lemma ext_orientation_or2:
  assumes wu: "w \<in> Waff" "u \<in> Omega" and st: "s \<in> S" "t \<in> S" and m: "cox_m W s t \<noteq> 0"
  shows "or2_at W Or (w \<otimes> u) s t"
proof -
  have along: "Or (w \<otimes> u \<otimes> alt_prod W a b i) (if even i then a else b)
      = ori (w \<otimes> alt_prod W (conjugate W u a) (conjugate W u b) i)
          (if even i then conjugate W u a else conjugate W u b)"
    if ab: "a \<in> S" "b \<in> S" for a b i
  proof -
    have "w \<otimes> u \<otimes> alt_prod W a b i = (w \<otimes> alt_prod W (conjugate W u a) (conjugate W u b) i) \<otimes> u"
      using conjugate_alt_prod[of u a b i] wu ab Waff_carrier Omega_carrier
      by (simp add: m_assoc alt_prod_closed conjugate_closed)
    moreover have "w \<otimes> alt_prod W (conjugate W u a) (conjugate W u b) i \<in> Waff"
      using subgroup.m_closed[OF Waff_subgroup wu(1) alt_prod_in_Waff] conjugate_S wu(2) ab by blast
    moreover have "(if even i then a else b) \<in> S" using ab by simp
    ultimately show ?thesis
      using ext[of "w \<otimes> alt_prod W (conjugate W u a) (conjugate W u b) i" u "if even i then a else b"] wu(2)
      by (simp add: if_distrib[of "conjugate W u"])
  qed
  have "cox_m W (conjugate W u s) (conjugate W u t) \<noteq> 0"
    using cox_m_conjugate[OF wu(2) st] m by simp
  then have "or2_at W ori w (conjugate W u s) (conjugate W u t)"
    using aff wu(1) conjugate_S[OF wu(2) st(1)] conjugate_S[OF wu(2) st(2)]
    unfolding orientation_aff_iff by blast
  then show ?thesis
    unfolding or2_at_def Let_def along[OF st] along[OF st(2,1)] cox_m_conjugate[OF wu(2) st] .
qed

lemma W_orientation_if_orientation_aff: "W_orientation Or"
proof -
  have decomp: "\<forall>x\<in>carrier W. P x" if "\<And>w u. w \<in> Waff \<Longrightarrow> u \<in> Omega \<Longrightarrow> P (w \<otimes> u)" for P
    using Waff_Omega_decomp that by blast
  show ?thesis
    unfolding W_orientation_def
    by (intro conjI; rule decomp)
      (use ext_orientation_sign ext_orientation_flip ext_orientation_twist ext_orientation_or2 in blast)+
qed

end

lemma W_orientation_if_orientation_ext:
  assumes "orientation_ext W Waff S Omega Or"
  shows "W_orientation Or"
proof -
  obtain ori where "orientation_aff W Waff S ori"
    and "\<forall>w\<in>Waff. \<forall>u\<in>Omega. \<forall>s\<in>S. Or (w \<otimes> u) s = ori w (u \<otimes> s \<otimes> inv u)"
    using assms unfolding orientation_ext_def by blast
  then show ?thesis by (intro W_orientation_if_orientation_aff) (auto simp: conjugate_def)
qed

lemma orientation_ext_if_W_orientation:
  assumes "W_orientation Or"
  shows "orientation_ext W Waff S Omega Or"
  unfolding orientation_ext_def
proof (intro exI conjI)
  show "orientation_aff W Waff S Or"
    unfolding orientation_aff_iff using assms Waff_carrier unfolding W_orientation_def by blast
  show "\<forall>w\<in>Waff. \<forall>u\<in>Omega. \<forall>s\<in>S. Or (w \<otimes> u) s = Or w (u \<otimes> s \<otimes> inv u)"
    using W_orientation_Omega[OF assms] Waff_carrier unfolding conjugate_def by blast
qed

lemma W_orientation_shift:
  assumes "W_orientation Or" and x0: "x0 \<in> carrier W"
  shows "W_orientation (\<lambda>x. Or (x0 \<otimes> x))"
proof -
  have "or2_at W (\<lambda>x s. Or (x0 \<otimes> x) s) x s t"
    if "x \<in> carrier W" "s \<in> S" "t \<in> S" "cox_m W s t \<noteq> 0" for x s t
    using W_orientation_or2[OF assms(1) _ that(2-4), of "x0 \<otimes> x"] x0 that
    by (simp add: or2_at_def m_assoc alt_prod_closed)
  moreover have "Or (x0 \<otimes> (x \<otimes> s)) s = - Or (x0 \<otimes> x) s" if "x \<in> carrier W" "s \<in> S" for x s
    using W_orientation_flip[OF assms(1), of "x0 \<otimes> x" s] x0 that by (simp add: m_assoc)
  moreover have "Or (x0 \<otimes> (x \<otimes> u)) s = Or (x0 \<otimes> x) (conjugate W u s)"
    if "x \<in> carrier W" "u \<in> Omega" "s \<in> S" for x u s
    using W_orientation_Omega[OF assms(1), of "x0 \<otimes> x" u s] x0 that Omega_carrier by (simp add: m_assoc)
  ultimately show ?thesis
    using W_orientation_sign[OF assms(1)] x0 unfolding W_orientation_def by simp
qed

text \<open>The braid relation turns the prefix of length m + j of the relator into the prefix of
  length m - j of the word alternating from t, and then (OR1) applies.\<close>
lemma W_orientation_reflect:
  assumes "W_orientation Or" and x: "x \<in> carrier W" and s: "s \<in> S" and t: "t \<in> S"
    and j: "j < cox_m W s t"
  shows "Or (x \<otimes> alt_prod W s t (cox_m W s t + j)) (alt_letter s t (cox_m W s t + j))
       = - Or (x \<otimes> alt_prod W t s (cox_m W s t - Suc j)) (alt_letter t s (cox_m W s t - Suc j))"
proof -
  let ?m = "cox_m W s t" and ?c = "alt_letter t s (cox_m W s t - Suc j)"
  have c: "?c \<in> S" using s t by (simp add: alt_letter_def)
  have "?m - j = Suc (?m - Suc j)" using j by simp
  then have "x \<otimes> alt_prod W s t (?m + j) = (x \<otimes> alt_prod W t s (?m - Suc j)) \<otimes> ?c"
    using alt_prod_reflect[OF s t, of j] alt_prod_Suc_right[of t s "?m - Suc j"] j x s t c
    by (simp add: m_assoc alt_prod_closed)
  then show ?thesis
    unfolding alt_letter_reflect[OF j] using W_orientation_flip[OF assms(1) _ c] x s t
    by (simp add: alt_prod_closed)
qed

text \<open>(OR2) gives the signs on the first m positions, W_orientation_reflect on the last m.\<close>
lemma W_orientation_relator_signs:
  assumes "W_orientation Or" and x: "x \<in> carrier W" and s: "s \<in> S" and t: "t \<in> S"
    and m: "cox_m W s t \<noteq> 0"
  obtains k e where "k \<le> cox_m W s t" "e \<in> {1, -1}"
    "\<And>i. i < 2 * cox_m W s t \<Longrightarrow> Or (x \<otimes> alt_prod W s t i) (alt_letter s t i)
       = (if k \<le> i \<and> i < k + cox_m W s t then - e else e)"
proof -
  let ?m = "cox_m W s t"
  obtain k e where k: "k \<le> ?m" and e: "e \<in> {1, -1}"
    and first: "\<forall>i<?m. Or (x \<otimes> alt_prod W s t i) (alt_letter s t i) = e * sign (i < k)"
    and other: "\<forall>i<?m. Or (x \<otimes> alt_prod W t s i) (alt_letter t s i) = - e * sign (i < ?m - k)"
    using or2_at_signs[OF W_orientation_or2[OF assms(1) x s t m]] by blast
  have "Or (x \<otimes> alt_prod W s t i) (alt_letter s t i) = (if k \<le> i \<and> i < k + ?m then - e else e)"
    if i: "i < 2 * ?m" for i
  proof (cases "i < ?m")
    case True then show ?thesis using first k by (auto simp: sign_def)
  next
    case False
    then obtain j where j: "i = ?m + j" "j < ?m" using i by (metis add_diff_inverse_nat mult_2 nat_add_left_cancel_less)
    have "?m - Suc j < ?m - k \<longleftrightarrow> k \<le> j" using j k by arith
    then show ?thesis
      using W_orientation_reflect[OF assms(1) x s t j(2)] other j k by (auto simp: sign_def)
  qed
  then show ?thesis using that k e by blast
qed

end
lemma sum_sum_symmetrize:
  fixes f :: "'a \<Rightarrow> 'a \<Rightarrow> 'b::comm_ring_1"
  shows "2 * (\<Sum>k\<in>A. \<Sum>l\<in>A. f k l) = (\<Sum>k\<in>A. \<Sum>l\<in>A. f k l + f l k)"
proof -
  have "(\<Sum>k\<in>A. \<Sum>l\<in>A. f k l + f l k) = (\<Sum>k\<in>A. \<Sum>l\<in>A. f k l) + (\<Sum>k\<in>A. \<Sum>l\<in>A. f l k)"
    by (simp only: sum.distrib)
  also have "(\<Sum>k\<in>A. \<Sum>l\<in>A. f l k) = (\<Sum>k\<in>A. \<Sum>l\<in>A. f k l)"
    by (rule sum.swap)
  finally show ?thesis by (simp only: mult_2)
qed

lemma sgn_exp_neg_abs_triangle:
  fixes a b c :: real
  assumes "b \<noteq> a" "c \<noteq> a"
  shows "- sgn (a - b) * sgn (b - c) * exp (- \<bar>b - c\<bar>) - sgn (a - c) * sgn (c - b) * exp (- \<bar>c - b\<bar>)
     = (1 - sgn (a - b) * sgn (a - c)) * exp (- \<bar>a - b\<bar> - \<bar>a - c\<bar>)"
proof -
  have swap: "sgn (c - b) = - sgn (b - c)" "\<bar>c - b\<bar> = \<bar>b - c\<bar>"
    using sgn_minus[of "b - c"] by simp_all
  consider "b < a" "c < a" | "a < b" "a < c" | "b < a" "a < c" | "a < b" "c < a"
    using assms by linarith
  then show ?thesis
  proof cases
    case 1
    then show ?thesis by (simp add: swap)
  next
    case 2
    then show ?thesis by (simp add: swap)
  next
    case 3
    then have "\<bar>b - c\<bar> = \<bar>a - b\<bar> + \<bar>a - c\<bar>" "sgn (b - c) = -1" by simp_all
    with 3 show ?thesis by (simp add: swap)
  next
    case 4
    then have "\<bar>b - c\<bar> = \<bar>a - b\<bar> + \<bar>a - c\<bar>" "sgn (b - c) = 1" by simp_all
    with 4 show ?thesis by (simp add: swap)
  qed
qed

lemma sum_sgn_mul_ham_gradient_eq_mCH_rhs:
  fixes x m :: "real^'n"
  assumes distinct: "inj (\<lambda>i. x$i)"
  shows "(\<Sum>k\<in>UNIV. sgn (x$j - x$k) * (-2 * (\<Sum>l\<in>UNIV. m$k * m$l * sgn (x$k - x$l) * exp (- \<bar>x$k - x$l\<bar>))))
    = mCH_rhs x m j"
proof -
  define T where "T k l = -2 * (sgn (x$j - x$k) * sgn (x$k - x$l)) * (m$k * m$l * exp (- \<bar>x$k - x$l\<bar>))" for k l
  define S where "S i k = m$i * m$k * (1 - sgn (x$j - x$k) * sgn (x$j - x$i)) * exp (- \<bar>x$j - x$k\<bar> - \<bar>x$j - x$i\<bar>)" for i k
  let ?J = "UNIV - {j}"
  have ne: "x$k \<noteq> x$j" if "k \<in> ?J" for k using distinct that by (auto dest: injD)
  have "(\<Sum>k\<in>UNIV. sgn (x$j - x$k) * (-2 * (\<Sum>l\<in>UNIV. m$k * m$l * sgn (x$k - x$l) * exp (- \<bar>x$k - x$l\<bar>))))
     = (\<Sum>k\<in>UNIV. \<Sum>l\<in>UNIV. T k l)"
    unfolding T_def sum_distrib_left by (intro sum.cong refl) (simp only: mult_ac)
  also have "\<dots> = (\<Sum>k\<in>?J. \<Sum>l\<in>UNIV. T k l)"
    by (subst sum.remove[of UNIV j]) (auto simp: T_def)
  also have "\<dots> = (\<Sum>k\<in>?J. T k j) + (\<Sum>k\<in>?J. \<Sum>l\<in>?J. T k l)"
    by (simp add: sum.remove[of UNIV j] sum.distrib)
  also have "(\<Sum>k\<in>?J. T k j) = 2 * (\<Sum>k\<in>?J. m$j * m$k * exp (- \<bar>x$j - x$k\<bar>))"
  proof -
    have "sgn (x$j - x$k) * sgn (x$k - x$j) = -1" if "k \<in> ?J" for k
      using ne[OF that] by (auto simp: sgn_if)
    then show ?thesis
      unfolding sum_distrib_left by (intro sum.cong refl) (simp add: T_def abs_minus_commute)
  qed
  also have "(\<Sum>k\<in>?J. \<Sum>l\<in>?J. T k l) = (\<Sum>i\<in>?J. \<Sum>k\<in>?J. S i k)"
  proof -
    have TS: "T k l + T l k = 2 * S l k" if "k \<in> ?J" "l \<in> ?J" for k l
      using sgn_exp_neg_abs_triangle[OF ne[OF that(1)] ne[OF that(2)]]
      unfolding T_def S_def by (simp add: algebra_simps)
    have "2 * (\<Sum>k\<in>?J. \<Sum>l\<in>?J. T k l) = (\<Sum>k\<in>?J. \<Sum>l\<in>?J. T k l + T l k)"
      by (rule sum_sum_symmetrize)
    also have "\<dots> = 2 * (\<Sum>k\<in>?J. \<Sum>l\<in>?J. S l k)"
      unfolding sum_distrib_left by (intro sum.cong refl) (simp add: TS)
    also have "(\<Sum>k\<in>?J. \<Sum>l\<in>?J. S l k) = (\<Sum>i\<in>?J. \<Sum>k\<in>?J. S i k)"
      by (rule sum.swap)
    finally show ?thesis by simp
  qed
  finally show ?thesis unfolding mCH_rhs_def S_def .
qed

lemma pbracket_position_ham:
  fixes x m :: "real^'n"
  assumes distinct: "inj (\<lambda>i. x$i)"
  shows "pbracket (\<lambda>x m. x$j) ham x m = mCH_rhs x m j"
  unfolding pbracket_position dX_ham[OF distinct] by (rule sum_sgn_mul_ham_gradient_eq_mCH_rhs[OF distinct])

lemma has_real_derivative_vanishes_outside:
  fixes f f' :: "real \<Rightarrow> real"
  assumes deriv: "\<And>t. (f has_real_derivative f' t) (at t)"
    and zero: "\<And>t. B < \<bar>t\<bar> \<Longrightarrow> f t = 0"
    and "B < \<bar>\<xi>\<bar>"
  shows "f' \<xi> = 0"
proof -
  let ?S = "{B<..} \<union> {..<-B}"
  have "((\<lambda>_. 0) has_real_derivative 0) (at \<xi>)" by simp
  then have "(f has_real_derivative 0) (at \<xi>)"
    by (rule has_field_derivative_transform_within_open[of _ _ _ ?S]) (use assms(3) zero in auto)
  then show ?thesis using deriv DERIV_unique by blast
qed

lemma has_integral_exp_neg_abs_Helmholtz_right:
  fixes \<phi> \<phi>' \<phi>'' :: "real \<Rightarrow> real"
  assumes d1: "\<And>t. (\<phi> has_real_derivative \<phi>' t) (at t)"
    and d2: "\<And>t. (\<phi>' has_real_derivative \<phi>'' t) (at t)"
    and "a \<le> R" "\<phi> R = 0" "\<phi>' R = 0"
  shows "((\<lambda>t. exp (- \<bar>t - a\<bar>) * (\<phi> t - \<phi>'' t)) has_integral \<phi> a + \<phi>' a) {a..R}"
proof -
  define F where "F t = - exp (a - t) * (\<phi> t + \<phi>' t)" for t
  have "(F has_real_derivative exp (- \<bar>t - a\<bar>) * (\<phi> t - \<phi>'' t)) (at t)" if "a \<le> t" for t
  proof -
    have "(F has_real_derivative exp (a - t) * (\<phi> t + \<phi>' t) - exp (a - t) * (\<phi>' t + \<phi>'' t)) (at t)"
      unfolding F_def by (auto intro!: derivative_eq_intros d1 d2)
    then show ?thesis using that by (simp add: algebra_simps)
  qed
  then have "((\<lambda>t. exp (- \<bar>t - a\<bar>) * (\<phi> t - \<phi>'' t)) has_integral F R - F a) {a..R}"
    using \<open>a \<le> R\<close> by (intro fundamental_theorem_of_calculus)
      (auto simp: has_real_derivative_iff_has_vector_derivative intro: has_vector_derivative_at_within)
  then show ?thesis using assms(4,5) by (simp add: F_def add.commute)
qed

lemma has_integral_exp_neg_abs_Helmholtz_left:
  fixes \<phi> \<phi>' \<phi>'' :: "real \<Rightarrow> real"
  assumes d1: "\<And>t. (\<phi> has_real_derivative \<phi>' t) (at t)"
    and d2: "\<And>t. (\<phi>' has_real_derivative \<phi>'' t) (at t)"
    and "L \<le> a" "\<phi> L = 0" "\<phi>' L = 0"
  shows "((\<lambda>t. exp (- \<bar>t - a\<bar>) * (\<phi> t - \<phi>'' t)) has_integral \<phi> a - \<phi>' a) {L..a}"
proof -
  define F where "F t = exp (t - a) * (\<phi> t - \<phi>' t)" for t
  have "(F has_real_derivative exp (- \<bar>t - a\<bar>) * (\<phi> t - \<phi>'' t)) (at t)" if "t \<le> a" for t
  proof -
    have "(F has_real_derivative exp (t - a) * (\<phi> t - \<phi>' t) + exp (t - a) * (\<phi>' t - \<phi>'' t)) (at t)"
      unfolding F_def by (auto intro!: derivative_eq_intros d1 d2)
    then show ?thesis using that by (simp add: algebra_simps)
  qed
  then have "((\<lambda>t. exp (- \<bar>t - a\<bar>) * (\<phi> t - \<phi>'' t)) has_integral F a - F L) {L..a}"
    using \<open>L \<le> a\<close> by (intro fundamental_theorem_of_calculus)
      (auto simp: has_real_derivative_iff_has_vector_derivative intro: has_vector_derivative_at_within)
  then show ?thesis using assms(4,5) by (simp add: F_def)
qed

lemma has_integral_exp_neg_abs_Helmholtz:
  fixes \<phi> \<phi>' \<phi>'' :: "real \<Rightarrow> real"
  assumes d1: "\<And>t. (\<phi> has_real_derivative \<phi>' t) (at t)"
    and d2: "\<And>t. (\<phi>' has_real_derivative \<phi>'' t) (at t)"
    and supp: "bounded {t. \<phi> t \<noteq> 0}"
  shows "((\<lambda>t. exp (- \<bar>t - a\<bar>) * (\<phi> t - \<phi>'' t)) has_integral 2 * \<phi> a) UNIV"
proof -
  obtain B where "\<And>t. \<phi> t \<noteq> 0 \<Longrightarrow> \<bar>t\<bar> \<le> B"
    using supp unfolding bounded_real by auto
  then have z0: "\<phi> t = 0" if "B < \<bar>t\<bar>" for t using that by force
  have z1: "\<phi>' t = 0" if "B < \<bar>t\<bar>" for t
    using has_real_derivative_vanishes_outside[OF d1 z0 that] .
  have z2: "\<phi>'' t = 0" if "B < \<bar>t\<bar>" for t
    using has_real_derivative_vanishes_outside[OF d2 z1 that] .
  define R where "R = \<bar>B\<bar> + \<bar>a\<bar> + 1"
  have R: "B < \<bar>R\<bar>" "B < \<bar>-R\<bar>" "-R \<le> a" "a \<le> R" unfolding R_def by auto
  have "((\<lambda>t. exp (- \<bar>t - a\<bar>) * (\<phi> t - \<phi>'' t)) has_integral (\<phi> a - \<phi>' a) + (\<phi> a + \<phi>' a)) {-R..R}"
    by (intro has_integral_combine[OF R(3,4)] has_integral_exp_neg_abs_Helmholtz_left
        has_integral_exp_neg_abs_Helmholtz_right d1 d2 z0 z1 R)
  then have "((\<lambda>t. exp (- \<bar>t - a\<bar>) * (\<phi> t - \<phi>'' t)) has_integral 2 * \<phi> a) {-R..R}"
    by simp
  then show ?thesis
    by (rule has_integral_on_superset) (use z0 z2 in \<open>auto simp: R_def\<close>)
qed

--

— Work task —
Show the lines above with "remove".

— Task solution —
    by (subst sum.remove[of UNIV j]) (auto simp: T_def)
    by (simp add: sum.remove[of UNIV j] sum.distrib)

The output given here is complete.